# Dataset entries
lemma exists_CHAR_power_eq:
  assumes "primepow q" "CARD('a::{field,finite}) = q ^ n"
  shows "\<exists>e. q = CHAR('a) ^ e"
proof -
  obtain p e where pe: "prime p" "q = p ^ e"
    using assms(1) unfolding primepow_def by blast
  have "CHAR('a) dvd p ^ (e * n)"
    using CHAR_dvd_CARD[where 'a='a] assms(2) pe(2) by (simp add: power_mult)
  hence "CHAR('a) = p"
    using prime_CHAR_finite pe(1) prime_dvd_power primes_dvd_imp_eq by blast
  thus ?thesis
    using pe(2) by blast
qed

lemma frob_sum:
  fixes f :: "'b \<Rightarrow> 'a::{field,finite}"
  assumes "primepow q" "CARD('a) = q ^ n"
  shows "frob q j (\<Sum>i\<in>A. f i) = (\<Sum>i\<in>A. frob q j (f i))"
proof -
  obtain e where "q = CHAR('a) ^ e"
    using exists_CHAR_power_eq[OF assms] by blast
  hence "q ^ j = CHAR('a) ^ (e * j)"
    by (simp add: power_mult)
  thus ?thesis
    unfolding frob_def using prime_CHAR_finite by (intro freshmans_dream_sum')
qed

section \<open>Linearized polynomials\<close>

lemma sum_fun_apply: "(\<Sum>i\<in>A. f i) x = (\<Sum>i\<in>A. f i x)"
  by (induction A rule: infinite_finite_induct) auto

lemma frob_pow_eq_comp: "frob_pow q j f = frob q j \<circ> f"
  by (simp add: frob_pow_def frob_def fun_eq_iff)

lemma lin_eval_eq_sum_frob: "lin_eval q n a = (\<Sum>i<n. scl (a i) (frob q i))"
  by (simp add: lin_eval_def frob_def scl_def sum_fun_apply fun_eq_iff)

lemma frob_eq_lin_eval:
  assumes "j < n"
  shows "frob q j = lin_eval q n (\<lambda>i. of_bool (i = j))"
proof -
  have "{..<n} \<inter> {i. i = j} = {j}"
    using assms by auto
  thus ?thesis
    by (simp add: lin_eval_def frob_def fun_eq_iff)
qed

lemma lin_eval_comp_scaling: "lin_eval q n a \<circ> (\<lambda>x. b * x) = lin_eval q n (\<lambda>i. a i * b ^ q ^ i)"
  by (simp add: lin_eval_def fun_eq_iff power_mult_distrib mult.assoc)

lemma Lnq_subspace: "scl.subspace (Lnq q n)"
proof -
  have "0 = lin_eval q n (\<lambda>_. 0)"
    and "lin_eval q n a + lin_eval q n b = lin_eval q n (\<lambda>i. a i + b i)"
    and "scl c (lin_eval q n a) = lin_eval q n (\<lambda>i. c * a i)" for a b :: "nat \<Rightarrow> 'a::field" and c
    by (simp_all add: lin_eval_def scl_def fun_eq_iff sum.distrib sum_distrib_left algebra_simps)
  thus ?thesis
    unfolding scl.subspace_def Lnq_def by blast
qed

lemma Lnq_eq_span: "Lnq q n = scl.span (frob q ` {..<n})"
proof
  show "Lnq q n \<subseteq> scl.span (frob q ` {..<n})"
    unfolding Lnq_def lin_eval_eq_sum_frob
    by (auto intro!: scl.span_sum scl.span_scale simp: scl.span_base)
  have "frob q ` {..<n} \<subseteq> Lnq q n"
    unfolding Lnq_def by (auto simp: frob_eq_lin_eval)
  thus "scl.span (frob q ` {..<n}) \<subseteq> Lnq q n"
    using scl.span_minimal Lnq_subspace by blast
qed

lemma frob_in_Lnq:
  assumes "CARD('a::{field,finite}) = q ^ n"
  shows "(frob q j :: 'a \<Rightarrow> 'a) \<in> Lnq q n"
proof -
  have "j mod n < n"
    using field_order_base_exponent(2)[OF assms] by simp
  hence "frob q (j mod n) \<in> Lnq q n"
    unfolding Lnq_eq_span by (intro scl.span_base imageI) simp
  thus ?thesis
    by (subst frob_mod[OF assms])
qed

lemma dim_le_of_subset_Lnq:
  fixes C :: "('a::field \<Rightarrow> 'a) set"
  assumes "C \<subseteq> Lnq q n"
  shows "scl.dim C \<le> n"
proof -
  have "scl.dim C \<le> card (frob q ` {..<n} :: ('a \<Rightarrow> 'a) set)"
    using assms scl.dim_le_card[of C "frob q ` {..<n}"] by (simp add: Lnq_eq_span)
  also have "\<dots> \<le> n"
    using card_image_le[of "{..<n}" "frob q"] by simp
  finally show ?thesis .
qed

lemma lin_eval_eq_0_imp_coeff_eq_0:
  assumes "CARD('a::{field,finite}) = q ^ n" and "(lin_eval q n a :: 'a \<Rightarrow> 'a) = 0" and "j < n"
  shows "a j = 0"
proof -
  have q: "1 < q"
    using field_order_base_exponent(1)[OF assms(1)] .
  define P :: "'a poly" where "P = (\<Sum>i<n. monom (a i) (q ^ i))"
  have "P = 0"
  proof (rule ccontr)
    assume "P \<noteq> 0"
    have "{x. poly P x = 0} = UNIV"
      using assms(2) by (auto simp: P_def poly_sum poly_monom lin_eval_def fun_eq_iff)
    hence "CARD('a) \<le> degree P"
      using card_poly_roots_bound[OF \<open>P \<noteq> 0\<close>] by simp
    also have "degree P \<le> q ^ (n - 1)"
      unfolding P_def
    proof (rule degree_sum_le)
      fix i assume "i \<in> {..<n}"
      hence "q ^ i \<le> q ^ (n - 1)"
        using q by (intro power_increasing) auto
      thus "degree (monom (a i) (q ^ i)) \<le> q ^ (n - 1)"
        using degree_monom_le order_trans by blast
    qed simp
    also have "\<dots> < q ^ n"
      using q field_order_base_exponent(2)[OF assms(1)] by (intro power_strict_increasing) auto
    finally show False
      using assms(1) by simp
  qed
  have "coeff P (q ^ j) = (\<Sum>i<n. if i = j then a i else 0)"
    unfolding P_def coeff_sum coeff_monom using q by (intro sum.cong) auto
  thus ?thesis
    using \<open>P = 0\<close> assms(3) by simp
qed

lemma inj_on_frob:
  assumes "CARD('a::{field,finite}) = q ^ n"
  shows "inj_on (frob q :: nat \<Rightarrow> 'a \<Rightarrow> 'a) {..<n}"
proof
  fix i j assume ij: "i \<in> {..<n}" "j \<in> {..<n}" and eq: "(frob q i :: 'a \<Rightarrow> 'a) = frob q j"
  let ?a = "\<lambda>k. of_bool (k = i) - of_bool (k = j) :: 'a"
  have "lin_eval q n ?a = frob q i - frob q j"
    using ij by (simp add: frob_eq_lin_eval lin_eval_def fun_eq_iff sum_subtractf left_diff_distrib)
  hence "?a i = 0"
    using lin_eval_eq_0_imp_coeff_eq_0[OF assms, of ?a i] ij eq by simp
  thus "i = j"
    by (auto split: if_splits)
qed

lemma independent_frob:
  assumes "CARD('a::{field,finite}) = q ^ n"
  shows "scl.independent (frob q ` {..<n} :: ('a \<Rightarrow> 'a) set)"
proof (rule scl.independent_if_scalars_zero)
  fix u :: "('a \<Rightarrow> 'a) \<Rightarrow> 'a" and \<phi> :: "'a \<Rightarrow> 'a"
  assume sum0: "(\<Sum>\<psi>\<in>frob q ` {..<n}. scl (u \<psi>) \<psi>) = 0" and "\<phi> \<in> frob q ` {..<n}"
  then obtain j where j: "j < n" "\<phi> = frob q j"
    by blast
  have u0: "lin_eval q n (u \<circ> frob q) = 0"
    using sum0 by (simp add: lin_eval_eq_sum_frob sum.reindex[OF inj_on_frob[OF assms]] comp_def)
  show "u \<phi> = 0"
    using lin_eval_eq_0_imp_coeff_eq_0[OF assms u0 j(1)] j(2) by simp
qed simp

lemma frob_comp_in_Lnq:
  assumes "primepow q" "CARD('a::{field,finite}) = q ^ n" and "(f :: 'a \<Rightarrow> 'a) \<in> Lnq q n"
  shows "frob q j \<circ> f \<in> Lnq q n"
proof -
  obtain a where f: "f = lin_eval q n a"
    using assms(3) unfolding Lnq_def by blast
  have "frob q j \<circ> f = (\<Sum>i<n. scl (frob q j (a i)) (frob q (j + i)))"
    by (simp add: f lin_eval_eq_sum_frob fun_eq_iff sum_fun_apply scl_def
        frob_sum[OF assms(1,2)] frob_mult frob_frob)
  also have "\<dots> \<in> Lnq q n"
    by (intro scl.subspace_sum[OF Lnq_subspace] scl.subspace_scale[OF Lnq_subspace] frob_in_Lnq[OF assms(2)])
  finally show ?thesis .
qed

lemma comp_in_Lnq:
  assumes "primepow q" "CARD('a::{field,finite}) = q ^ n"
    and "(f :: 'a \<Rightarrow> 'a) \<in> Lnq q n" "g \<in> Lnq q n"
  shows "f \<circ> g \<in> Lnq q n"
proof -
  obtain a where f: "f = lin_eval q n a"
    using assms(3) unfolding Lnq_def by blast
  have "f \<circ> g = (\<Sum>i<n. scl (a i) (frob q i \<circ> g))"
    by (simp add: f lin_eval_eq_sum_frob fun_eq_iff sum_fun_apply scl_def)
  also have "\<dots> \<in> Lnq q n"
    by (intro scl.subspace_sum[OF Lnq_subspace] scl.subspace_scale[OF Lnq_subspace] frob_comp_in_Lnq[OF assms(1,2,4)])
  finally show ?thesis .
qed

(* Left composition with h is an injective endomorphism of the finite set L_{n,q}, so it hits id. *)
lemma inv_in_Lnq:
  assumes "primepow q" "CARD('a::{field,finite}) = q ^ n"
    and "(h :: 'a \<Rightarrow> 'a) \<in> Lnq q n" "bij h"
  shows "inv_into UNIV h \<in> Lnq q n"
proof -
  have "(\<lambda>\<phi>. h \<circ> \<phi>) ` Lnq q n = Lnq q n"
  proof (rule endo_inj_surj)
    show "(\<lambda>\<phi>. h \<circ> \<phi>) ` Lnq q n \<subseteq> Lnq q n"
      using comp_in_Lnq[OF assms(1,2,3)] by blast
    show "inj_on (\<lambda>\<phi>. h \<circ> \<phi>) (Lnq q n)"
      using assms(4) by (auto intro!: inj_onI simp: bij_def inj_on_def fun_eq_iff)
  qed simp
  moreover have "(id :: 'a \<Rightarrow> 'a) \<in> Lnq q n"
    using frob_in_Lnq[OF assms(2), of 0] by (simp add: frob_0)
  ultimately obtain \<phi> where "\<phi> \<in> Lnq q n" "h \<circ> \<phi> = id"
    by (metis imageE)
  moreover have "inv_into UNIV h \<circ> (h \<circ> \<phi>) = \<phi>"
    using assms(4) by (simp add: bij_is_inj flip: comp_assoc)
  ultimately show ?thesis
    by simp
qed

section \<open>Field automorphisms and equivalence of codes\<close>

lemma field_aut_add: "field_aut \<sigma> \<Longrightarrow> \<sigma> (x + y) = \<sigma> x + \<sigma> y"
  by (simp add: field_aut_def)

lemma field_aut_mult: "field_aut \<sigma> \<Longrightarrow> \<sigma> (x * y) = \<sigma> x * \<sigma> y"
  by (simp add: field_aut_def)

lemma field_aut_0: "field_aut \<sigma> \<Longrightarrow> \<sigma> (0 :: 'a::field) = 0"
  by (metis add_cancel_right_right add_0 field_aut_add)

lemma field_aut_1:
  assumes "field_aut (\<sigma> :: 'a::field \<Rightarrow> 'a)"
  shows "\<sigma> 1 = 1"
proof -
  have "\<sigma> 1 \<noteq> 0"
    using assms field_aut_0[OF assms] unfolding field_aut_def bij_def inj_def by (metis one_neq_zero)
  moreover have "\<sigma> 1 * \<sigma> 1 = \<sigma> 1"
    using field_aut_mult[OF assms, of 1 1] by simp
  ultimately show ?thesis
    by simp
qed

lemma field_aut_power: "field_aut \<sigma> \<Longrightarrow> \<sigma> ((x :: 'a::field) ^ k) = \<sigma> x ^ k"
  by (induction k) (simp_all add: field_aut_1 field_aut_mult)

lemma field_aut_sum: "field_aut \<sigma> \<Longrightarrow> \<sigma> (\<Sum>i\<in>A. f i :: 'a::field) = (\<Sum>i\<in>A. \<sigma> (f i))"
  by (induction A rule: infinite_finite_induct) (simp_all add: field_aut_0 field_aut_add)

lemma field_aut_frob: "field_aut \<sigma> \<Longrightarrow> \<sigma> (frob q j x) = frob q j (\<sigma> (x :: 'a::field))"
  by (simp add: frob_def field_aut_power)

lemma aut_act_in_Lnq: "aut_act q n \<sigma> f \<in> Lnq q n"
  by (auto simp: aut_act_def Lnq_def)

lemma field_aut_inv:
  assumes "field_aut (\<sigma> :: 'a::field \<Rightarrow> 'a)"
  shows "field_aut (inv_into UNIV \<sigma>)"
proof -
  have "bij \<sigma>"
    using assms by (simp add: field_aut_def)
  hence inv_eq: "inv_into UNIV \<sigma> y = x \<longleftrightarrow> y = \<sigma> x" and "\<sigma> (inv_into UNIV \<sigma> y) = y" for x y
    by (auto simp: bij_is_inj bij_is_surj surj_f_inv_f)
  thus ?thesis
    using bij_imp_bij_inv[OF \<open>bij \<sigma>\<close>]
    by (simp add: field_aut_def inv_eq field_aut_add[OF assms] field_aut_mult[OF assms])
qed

# What the exercise asks
Could you say how many lines in the data above contain "UNIV"? Reply with the number alone.

# Result
5